=== Begin Enclosure ===

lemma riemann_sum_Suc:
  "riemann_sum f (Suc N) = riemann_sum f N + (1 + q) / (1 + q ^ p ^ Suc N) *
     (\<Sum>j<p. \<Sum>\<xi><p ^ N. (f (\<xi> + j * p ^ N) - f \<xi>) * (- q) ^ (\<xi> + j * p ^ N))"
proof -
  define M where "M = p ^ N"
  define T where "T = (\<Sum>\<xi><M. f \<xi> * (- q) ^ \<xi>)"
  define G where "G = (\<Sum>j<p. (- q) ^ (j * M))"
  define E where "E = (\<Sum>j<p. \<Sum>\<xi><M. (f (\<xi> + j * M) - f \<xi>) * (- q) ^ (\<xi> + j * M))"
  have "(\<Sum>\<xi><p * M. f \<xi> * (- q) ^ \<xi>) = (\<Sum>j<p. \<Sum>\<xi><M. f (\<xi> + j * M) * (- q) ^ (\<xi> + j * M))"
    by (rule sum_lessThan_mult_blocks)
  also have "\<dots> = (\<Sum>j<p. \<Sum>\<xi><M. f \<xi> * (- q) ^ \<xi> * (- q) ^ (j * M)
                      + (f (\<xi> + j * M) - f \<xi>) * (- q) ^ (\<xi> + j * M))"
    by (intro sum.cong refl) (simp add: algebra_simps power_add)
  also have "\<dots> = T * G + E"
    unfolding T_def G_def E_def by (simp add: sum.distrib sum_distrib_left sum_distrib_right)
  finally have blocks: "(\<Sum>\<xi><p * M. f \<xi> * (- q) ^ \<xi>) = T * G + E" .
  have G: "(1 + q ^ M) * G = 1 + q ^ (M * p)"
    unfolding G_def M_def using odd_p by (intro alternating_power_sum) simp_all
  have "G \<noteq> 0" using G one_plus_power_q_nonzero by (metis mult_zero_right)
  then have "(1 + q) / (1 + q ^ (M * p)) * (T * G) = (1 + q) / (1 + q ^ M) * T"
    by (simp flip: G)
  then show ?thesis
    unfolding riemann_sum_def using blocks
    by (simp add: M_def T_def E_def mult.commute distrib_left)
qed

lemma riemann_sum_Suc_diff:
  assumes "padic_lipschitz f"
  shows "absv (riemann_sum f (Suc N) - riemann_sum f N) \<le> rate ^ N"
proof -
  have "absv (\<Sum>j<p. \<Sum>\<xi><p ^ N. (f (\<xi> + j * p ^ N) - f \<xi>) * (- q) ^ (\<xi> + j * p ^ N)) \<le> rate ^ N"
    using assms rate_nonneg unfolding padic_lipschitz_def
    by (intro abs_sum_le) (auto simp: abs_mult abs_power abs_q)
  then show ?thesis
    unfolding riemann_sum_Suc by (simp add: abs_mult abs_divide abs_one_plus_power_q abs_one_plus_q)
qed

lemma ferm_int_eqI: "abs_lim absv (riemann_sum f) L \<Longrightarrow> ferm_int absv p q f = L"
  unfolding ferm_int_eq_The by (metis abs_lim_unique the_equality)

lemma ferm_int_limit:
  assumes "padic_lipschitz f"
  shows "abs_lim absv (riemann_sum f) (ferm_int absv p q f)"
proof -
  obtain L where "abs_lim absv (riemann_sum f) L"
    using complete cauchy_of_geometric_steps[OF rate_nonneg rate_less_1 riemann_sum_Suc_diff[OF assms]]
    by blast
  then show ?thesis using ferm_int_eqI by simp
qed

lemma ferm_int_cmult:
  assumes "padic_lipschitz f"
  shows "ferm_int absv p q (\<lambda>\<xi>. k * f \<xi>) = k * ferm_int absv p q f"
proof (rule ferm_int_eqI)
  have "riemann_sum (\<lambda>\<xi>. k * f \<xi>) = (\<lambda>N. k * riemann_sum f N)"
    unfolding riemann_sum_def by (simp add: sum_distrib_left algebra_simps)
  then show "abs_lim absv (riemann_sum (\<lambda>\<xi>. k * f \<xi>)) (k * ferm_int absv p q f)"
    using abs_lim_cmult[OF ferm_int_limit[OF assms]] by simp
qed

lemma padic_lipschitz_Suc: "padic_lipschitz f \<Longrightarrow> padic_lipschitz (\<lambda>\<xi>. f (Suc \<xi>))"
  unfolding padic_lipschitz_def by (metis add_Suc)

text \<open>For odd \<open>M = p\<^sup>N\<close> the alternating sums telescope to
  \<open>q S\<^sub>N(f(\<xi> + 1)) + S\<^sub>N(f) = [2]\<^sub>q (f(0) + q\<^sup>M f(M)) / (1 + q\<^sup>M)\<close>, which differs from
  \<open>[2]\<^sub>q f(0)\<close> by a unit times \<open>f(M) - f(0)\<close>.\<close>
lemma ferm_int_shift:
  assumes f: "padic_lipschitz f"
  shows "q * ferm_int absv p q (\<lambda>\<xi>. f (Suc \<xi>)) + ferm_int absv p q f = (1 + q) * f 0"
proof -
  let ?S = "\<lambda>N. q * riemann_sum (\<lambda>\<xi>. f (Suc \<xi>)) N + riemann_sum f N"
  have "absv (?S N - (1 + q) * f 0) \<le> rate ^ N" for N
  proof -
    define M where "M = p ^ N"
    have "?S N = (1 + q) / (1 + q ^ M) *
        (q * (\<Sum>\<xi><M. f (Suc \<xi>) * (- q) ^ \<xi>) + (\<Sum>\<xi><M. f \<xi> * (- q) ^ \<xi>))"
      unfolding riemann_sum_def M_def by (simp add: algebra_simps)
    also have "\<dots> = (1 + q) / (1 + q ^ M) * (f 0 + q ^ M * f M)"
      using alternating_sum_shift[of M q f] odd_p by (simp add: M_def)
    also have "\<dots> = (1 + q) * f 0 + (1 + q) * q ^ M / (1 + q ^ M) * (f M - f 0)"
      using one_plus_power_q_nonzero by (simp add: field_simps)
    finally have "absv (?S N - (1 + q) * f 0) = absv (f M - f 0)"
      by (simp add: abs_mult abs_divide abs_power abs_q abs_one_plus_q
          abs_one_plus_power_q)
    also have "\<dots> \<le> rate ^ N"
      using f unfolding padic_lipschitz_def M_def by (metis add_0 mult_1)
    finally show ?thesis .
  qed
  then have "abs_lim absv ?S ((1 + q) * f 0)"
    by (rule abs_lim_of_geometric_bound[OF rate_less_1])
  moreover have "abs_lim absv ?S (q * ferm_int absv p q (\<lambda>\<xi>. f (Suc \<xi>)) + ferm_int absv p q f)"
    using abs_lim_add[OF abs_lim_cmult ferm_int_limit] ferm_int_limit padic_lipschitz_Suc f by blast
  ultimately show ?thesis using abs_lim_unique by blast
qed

=== End Enclosure ===
=== Begin Enclosure ===

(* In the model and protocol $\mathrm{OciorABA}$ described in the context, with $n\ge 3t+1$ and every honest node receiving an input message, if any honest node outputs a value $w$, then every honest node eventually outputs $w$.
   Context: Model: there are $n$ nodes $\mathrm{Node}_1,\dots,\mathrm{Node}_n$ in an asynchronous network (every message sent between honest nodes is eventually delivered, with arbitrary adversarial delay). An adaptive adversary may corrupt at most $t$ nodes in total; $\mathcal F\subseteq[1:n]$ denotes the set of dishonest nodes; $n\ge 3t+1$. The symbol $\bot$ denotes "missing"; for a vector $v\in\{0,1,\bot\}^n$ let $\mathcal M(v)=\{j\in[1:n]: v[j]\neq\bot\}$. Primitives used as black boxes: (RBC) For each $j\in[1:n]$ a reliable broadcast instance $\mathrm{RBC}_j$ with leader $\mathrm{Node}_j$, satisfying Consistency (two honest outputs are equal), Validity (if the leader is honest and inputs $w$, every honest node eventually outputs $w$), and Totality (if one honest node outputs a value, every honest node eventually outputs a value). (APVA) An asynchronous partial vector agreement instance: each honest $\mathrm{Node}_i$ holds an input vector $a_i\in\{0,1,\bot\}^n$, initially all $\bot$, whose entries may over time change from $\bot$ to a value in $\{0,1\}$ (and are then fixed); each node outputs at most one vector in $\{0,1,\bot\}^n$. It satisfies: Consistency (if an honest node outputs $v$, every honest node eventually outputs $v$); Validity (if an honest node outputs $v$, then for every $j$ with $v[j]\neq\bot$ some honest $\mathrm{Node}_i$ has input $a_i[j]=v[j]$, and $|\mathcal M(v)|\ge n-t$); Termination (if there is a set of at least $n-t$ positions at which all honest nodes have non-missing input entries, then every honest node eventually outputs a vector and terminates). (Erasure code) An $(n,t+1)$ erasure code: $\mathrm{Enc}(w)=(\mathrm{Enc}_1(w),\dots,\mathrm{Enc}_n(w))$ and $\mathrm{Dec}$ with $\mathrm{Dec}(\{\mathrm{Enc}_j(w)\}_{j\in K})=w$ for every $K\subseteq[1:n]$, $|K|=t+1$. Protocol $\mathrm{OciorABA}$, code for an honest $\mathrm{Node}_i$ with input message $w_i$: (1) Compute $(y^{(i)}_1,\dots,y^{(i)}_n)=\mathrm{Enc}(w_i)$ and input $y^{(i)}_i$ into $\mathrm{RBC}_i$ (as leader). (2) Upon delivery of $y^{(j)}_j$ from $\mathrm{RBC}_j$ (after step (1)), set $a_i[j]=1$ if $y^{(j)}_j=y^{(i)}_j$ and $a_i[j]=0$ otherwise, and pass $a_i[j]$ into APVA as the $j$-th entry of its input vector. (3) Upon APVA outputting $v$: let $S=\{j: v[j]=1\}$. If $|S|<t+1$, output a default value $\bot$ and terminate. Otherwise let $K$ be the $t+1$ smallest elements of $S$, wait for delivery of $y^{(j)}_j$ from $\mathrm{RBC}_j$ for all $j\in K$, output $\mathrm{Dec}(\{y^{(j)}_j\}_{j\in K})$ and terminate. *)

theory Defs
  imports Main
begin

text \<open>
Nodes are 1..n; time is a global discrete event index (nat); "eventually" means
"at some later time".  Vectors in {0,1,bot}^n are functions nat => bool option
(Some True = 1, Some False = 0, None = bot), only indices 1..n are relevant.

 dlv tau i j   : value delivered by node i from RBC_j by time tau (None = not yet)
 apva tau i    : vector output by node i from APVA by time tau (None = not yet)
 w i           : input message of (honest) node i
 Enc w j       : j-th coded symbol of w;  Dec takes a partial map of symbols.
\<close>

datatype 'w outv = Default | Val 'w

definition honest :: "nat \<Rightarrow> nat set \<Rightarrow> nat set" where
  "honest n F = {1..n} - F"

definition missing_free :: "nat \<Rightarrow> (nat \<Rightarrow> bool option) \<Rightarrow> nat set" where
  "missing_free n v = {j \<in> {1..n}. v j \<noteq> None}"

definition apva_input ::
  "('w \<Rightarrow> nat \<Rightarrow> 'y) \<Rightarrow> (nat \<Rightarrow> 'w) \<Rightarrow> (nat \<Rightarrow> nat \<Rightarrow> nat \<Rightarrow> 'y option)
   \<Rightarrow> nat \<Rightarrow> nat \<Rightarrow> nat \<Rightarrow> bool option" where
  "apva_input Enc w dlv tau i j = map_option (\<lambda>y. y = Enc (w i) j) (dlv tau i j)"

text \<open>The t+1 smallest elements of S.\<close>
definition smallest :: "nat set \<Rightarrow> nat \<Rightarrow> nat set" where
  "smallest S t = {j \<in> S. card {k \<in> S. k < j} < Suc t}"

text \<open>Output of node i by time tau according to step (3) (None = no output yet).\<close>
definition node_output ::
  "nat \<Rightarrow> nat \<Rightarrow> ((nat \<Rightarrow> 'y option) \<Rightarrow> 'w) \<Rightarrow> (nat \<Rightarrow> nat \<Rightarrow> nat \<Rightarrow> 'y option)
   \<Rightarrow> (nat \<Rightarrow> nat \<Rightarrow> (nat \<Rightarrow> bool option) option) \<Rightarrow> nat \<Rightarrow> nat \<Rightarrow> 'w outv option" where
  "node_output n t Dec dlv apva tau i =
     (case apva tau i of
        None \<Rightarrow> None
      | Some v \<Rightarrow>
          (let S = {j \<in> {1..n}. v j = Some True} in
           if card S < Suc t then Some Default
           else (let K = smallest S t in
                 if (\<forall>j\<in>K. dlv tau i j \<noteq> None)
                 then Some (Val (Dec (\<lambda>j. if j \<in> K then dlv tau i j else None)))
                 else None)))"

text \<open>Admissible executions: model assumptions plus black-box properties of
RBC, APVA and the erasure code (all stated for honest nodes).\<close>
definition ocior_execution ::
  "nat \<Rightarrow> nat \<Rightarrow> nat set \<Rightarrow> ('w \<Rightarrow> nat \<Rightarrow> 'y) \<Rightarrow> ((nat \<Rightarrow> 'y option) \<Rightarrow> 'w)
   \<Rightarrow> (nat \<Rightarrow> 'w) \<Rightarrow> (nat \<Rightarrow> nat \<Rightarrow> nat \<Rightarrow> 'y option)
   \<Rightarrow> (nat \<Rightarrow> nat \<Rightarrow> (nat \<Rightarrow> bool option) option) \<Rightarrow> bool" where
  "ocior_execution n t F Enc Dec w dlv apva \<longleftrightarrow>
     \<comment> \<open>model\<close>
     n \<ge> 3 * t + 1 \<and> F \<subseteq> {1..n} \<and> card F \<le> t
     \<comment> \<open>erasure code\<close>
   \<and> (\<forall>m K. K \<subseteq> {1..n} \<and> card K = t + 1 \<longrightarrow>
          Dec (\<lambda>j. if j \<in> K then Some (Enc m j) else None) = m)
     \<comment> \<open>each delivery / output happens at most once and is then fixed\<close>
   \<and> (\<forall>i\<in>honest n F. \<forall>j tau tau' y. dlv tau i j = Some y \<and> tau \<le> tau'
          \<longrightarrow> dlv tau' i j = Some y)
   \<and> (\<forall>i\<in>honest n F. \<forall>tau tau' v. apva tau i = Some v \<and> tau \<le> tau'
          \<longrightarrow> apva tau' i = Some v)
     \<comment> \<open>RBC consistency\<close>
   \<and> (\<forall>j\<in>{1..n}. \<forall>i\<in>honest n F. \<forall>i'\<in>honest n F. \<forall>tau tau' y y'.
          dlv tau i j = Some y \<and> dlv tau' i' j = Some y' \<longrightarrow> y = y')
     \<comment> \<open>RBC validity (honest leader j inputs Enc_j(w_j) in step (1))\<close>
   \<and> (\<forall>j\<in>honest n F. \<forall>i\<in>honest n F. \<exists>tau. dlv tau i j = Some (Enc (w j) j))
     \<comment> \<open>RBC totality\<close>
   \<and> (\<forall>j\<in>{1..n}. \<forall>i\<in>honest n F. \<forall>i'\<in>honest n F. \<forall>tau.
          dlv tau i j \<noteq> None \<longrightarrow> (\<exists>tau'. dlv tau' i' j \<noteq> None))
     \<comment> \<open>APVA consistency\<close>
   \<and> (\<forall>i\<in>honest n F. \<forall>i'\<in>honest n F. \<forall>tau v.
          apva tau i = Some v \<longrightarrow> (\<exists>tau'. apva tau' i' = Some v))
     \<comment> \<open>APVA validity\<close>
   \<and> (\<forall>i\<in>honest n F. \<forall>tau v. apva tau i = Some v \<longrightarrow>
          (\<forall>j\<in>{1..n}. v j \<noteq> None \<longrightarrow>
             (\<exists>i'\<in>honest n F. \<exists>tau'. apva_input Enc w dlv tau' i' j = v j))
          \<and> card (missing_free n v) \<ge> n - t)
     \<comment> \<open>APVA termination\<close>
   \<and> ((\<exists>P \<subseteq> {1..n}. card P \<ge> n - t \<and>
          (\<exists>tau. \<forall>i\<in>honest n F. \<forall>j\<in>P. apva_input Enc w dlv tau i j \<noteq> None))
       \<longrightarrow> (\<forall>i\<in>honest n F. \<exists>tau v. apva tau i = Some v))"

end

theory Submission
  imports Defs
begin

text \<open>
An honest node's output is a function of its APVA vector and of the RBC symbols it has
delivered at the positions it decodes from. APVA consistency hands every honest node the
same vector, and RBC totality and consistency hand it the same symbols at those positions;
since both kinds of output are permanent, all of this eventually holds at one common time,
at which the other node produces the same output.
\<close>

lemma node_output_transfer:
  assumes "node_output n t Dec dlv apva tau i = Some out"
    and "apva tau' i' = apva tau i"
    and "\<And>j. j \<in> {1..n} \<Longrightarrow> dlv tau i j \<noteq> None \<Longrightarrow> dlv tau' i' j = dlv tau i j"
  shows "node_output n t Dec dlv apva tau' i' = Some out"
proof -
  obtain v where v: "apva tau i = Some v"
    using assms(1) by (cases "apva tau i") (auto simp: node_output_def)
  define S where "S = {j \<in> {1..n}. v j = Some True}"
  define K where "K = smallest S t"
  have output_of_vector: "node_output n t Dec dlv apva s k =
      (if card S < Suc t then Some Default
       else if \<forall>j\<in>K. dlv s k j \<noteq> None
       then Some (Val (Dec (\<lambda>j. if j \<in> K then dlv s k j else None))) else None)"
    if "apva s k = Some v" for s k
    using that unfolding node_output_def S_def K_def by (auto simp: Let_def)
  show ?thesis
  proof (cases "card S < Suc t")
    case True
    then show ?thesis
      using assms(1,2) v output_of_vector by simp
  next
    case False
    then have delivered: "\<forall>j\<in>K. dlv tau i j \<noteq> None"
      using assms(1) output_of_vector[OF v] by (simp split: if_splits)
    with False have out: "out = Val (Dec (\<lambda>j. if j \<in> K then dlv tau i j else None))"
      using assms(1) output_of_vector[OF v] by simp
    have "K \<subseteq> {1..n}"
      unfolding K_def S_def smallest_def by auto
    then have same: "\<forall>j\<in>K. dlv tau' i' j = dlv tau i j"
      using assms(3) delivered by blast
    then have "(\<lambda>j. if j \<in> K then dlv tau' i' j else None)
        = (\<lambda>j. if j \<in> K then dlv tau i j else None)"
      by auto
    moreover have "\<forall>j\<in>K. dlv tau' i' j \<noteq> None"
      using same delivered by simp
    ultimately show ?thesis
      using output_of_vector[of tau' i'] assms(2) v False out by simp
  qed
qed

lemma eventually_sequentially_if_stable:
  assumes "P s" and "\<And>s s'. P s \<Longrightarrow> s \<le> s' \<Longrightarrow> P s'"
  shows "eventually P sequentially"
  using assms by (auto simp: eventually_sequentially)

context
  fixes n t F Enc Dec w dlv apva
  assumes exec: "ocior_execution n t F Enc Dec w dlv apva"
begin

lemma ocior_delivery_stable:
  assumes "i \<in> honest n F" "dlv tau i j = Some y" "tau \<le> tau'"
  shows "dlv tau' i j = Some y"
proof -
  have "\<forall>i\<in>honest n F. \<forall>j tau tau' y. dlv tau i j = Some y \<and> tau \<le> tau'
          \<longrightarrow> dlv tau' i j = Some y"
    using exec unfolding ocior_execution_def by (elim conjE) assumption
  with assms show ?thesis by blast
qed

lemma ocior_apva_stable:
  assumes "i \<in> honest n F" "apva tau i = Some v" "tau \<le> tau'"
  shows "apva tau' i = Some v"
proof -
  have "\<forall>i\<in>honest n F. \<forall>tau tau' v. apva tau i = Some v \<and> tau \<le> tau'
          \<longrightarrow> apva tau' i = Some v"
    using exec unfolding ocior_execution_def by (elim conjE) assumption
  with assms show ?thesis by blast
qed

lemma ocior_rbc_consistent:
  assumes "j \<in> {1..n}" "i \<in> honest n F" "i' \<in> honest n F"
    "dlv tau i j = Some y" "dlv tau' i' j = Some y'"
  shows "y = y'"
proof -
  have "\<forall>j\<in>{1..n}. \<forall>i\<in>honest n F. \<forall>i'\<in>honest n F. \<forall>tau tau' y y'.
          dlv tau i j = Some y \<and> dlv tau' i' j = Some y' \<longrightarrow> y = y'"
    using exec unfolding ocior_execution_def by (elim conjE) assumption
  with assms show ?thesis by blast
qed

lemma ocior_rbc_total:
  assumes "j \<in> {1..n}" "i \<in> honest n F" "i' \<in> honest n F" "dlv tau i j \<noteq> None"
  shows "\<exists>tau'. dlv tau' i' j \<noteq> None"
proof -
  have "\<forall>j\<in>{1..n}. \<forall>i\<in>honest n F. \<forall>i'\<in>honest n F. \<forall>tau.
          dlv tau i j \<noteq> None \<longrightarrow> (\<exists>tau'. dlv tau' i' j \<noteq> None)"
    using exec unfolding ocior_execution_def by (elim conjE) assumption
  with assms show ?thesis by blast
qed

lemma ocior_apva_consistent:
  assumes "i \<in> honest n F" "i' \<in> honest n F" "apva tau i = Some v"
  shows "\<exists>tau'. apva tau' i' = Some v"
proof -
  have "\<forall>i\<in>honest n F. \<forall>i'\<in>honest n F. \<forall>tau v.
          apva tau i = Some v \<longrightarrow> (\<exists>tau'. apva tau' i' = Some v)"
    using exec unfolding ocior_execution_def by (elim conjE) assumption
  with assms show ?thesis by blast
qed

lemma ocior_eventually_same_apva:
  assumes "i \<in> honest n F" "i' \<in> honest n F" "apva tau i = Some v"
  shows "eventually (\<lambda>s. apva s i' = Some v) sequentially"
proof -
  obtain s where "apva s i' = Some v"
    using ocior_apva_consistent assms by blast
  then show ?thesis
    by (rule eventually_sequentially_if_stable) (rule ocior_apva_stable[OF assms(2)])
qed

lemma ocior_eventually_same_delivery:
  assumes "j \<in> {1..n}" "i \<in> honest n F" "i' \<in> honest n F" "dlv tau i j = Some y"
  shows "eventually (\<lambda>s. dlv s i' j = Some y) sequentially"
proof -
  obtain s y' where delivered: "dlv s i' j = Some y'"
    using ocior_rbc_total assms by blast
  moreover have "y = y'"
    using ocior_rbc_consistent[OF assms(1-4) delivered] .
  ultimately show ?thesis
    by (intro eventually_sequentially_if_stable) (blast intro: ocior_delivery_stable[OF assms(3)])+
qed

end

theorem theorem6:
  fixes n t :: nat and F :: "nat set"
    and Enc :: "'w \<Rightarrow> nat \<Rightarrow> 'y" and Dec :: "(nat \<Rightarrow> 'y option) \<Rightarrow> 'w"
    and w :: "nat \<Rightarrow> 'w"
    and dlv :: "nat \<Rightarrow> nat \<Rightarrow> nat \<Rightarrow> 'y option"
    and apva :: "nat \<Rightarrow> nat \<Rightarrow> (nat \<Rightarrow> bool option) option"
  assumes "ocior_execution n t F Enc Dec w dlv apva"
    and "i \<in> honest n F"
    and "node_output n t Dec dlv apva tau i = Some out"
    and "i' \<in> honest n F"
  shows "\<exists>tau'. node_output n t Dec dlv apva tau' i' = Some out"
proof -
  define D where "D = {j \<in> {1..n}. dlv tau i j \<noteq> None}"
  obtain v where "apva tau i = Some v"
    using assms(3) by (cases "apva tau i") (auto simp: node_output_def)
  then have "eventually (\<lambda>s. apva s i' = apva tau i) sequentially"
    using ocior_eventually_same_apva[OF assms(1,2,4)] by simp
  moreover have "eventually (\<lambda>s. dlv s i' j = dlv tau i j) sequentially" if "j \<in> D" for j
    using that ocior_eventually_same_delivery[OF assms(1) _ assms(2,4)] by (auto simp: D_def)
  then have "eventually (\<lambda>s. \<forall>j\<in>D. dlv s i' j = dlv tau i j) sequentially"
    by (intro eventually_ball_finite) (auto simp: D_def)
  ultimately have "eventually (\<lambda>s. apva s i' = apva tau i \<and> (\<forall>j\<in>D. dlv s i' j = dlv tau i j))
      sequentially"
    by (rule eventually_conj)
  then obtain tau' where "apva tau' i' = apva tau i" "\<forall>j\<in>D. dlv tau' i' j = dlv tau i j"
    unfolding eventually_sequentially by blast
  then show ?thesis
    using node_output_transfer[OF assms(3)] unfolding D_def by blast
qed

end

=== End Enclosure ===
=== Begin Enclosure ===

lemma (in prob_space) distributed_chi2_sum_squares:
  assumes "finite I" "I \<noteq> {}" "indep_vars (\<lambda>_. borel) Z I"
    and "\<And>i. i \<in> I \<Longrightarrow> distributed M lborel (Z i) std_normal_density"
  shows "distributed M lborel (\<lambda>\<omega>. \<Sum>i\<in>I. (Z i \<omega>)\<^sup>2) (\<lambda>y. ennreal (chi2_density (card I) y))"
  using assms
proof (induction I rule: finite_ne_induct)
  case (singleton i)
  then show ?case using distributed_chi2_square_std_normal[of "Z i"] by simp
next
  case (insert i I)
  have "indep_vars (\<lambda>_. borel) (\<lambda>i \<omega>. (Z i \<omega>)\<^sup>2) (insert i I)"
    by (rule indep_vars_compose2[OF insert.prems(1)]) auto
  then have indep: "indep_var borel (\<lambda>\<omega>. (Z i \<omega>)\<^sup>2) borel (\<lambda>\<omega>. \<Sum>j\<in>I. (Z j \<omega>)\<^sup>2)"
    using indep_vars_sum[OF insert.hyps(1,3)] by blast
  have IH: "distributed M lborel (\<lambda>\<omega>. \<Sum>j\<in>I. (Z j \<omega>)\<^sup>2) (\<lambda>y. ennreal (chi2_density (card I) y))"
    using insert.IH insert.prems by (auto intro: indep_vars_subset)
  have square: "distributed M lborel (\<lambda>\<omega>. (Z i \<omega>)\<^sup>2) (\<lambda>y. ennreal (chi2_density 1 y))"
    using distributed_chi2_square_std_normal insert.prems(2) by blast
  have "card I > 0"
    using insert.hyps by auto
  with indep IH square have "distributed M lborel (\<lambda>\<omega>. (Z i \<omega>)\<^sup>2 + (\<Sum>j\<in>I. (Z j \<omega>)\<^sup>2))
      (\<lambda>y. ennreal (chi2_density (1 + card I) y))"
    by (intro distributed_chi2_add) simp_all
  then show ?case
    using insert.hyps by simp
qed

=== End Enclosure ===

→ What the task requires:
The answer is the lines above between the line holding "by (metis mult_zero_right)" and the line holding "f) L \<Longrightarrow>", inclusive, each written out exactly, and no others.

→ Task solution:
  have "G \<noteq> 0" using G one_plus_power_q_nonzero by (metis mult_zero_right)
  then have "(1 + q) / (1 + q ^ (M * p)) * (T * G) = (1 + q) / (1 + q ^ M) * T"
    by (simp flip: G)
  then show ?thesis
    unfolding riemann_sum_def using blocks
    by (simp add: M_def T_def E_def mult.commute distrib_left)
qed

lemma riemann_sum_Suc_diff:
  assumes "padic_lipschitz f"
  shows "absv (riemann_sum f (Suc N) - riemann_sum f N) \<le> rate ^ N"
proof -
  have "absv (\<Sum>j<p. \<Sum>\<xi><p ^ N. (f (\<xi> + j * p ^ N) - f \<xi>) * (- q) ^ (\<xi> + j * p ^ N)) \<le> rate ^ N"
    using assms rate_nonneg unfolding padic_lipschitz_def
    by (intro abs_sum_le) (auto simp: abs_mult abs_power abs_q)
  then show ?thesis
    unfolding riemann_sum_Suc by (simp add: abs_mult abs_divide abs_one_plus_power_q abs_one_plus_q)
qed

lemma ferm_int_eqI: "abs_lim absv (riemann_sum f) L \<Longrightarrow> ferm_int absv p q f = L"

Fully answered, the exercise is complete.